- What is needed: Only the lines from the first line of the records through the line containing "using w unfolding S0_witness_def by auto" belong in the answer. Copy them exactly.

==== Supplied information ====

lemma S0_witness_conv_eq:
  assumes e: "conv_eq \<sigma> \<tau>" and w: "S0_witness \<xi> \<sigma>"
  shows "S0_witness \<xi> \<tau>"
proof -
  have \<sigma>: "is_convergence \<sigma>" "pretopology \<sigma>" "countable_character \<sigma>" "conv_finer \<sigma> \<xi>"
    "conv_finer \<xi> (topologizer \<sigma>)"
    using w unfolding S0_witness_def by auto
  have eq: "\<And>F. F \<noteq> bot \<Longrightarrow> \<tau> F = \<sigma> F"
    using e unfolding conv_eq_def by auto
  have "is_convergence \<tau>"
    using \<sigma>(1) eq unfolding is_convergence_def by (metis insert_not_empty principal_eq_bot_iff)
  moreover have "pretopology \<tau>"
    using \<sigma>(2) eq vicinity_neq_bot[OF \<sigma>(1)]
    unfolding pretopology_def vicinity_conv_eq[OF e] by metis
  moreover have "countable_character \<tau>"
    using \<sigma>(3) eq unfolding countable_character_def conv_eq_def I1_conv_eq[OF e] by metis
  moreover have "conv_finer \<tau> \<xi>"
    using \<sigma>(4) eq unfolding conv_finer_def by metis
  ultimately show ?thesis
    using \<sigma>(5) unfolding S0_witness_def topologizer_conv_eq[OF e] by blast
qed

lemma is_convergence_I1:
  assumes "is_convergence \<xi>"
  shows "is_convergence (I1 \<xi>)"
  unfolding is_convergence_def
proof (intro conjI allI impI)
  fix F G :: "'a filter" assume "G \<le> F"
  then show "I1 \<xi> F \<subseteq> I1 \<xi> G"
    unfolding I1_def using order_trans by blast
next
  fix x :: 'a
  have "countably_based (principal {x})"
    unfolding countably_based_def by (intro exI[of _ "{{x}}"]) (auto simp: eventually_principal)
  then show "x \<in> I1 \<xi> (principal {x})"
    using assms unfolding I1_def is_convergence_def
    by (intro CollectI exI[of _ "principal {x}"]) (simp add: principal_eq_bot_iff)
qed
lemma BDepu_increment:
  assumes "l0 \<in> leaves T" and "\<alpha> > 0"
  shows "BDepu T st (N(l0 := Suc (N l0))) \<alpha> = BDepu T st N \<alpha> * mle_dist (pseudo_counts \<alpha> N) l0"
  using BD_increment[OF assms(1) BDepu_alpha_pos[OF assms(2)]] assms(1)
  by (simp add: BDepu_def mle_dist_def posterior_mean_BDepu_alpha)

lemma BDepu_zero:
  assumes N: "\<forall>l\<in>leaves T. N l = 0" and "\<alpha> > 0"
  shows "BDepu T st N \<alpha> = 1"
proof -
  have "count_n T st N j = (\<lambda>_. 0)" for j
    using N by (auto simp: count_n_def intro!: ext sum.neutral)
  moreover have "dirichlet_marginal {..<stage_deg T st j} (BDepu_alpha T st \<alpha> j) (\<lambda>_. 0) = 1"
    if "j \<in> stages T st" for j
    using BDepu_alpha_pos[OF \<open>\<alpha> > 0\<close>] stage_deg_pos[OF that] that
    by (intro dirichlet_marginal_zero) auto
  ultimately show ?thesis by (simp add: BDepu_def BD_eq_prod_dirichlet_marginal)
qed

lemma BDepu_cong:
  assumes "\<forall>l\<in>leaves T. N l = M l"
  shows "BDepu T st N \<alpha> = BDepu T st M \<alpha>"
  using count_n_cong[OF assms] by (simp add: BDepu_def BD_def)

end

====

- Solution to the problem:
lemma S0_witness_conv_eq:
  assumes e: "conv_eq \<sigma> \<tau>" and w: "S0_witness \<xi> \<sigma>"
  shows "S0_witness \<xi> \<tau>"
proof -
  have \<sigma>: "is_convergence \<sigma>" "pretopology \<sigma>" "countable_character \<sigma>" "conv_finer \<sigma> \<xi>"
    "conv_finer \<xi> (topologizer \<sigma>)"
    using w unfolding S0_witness_def by auto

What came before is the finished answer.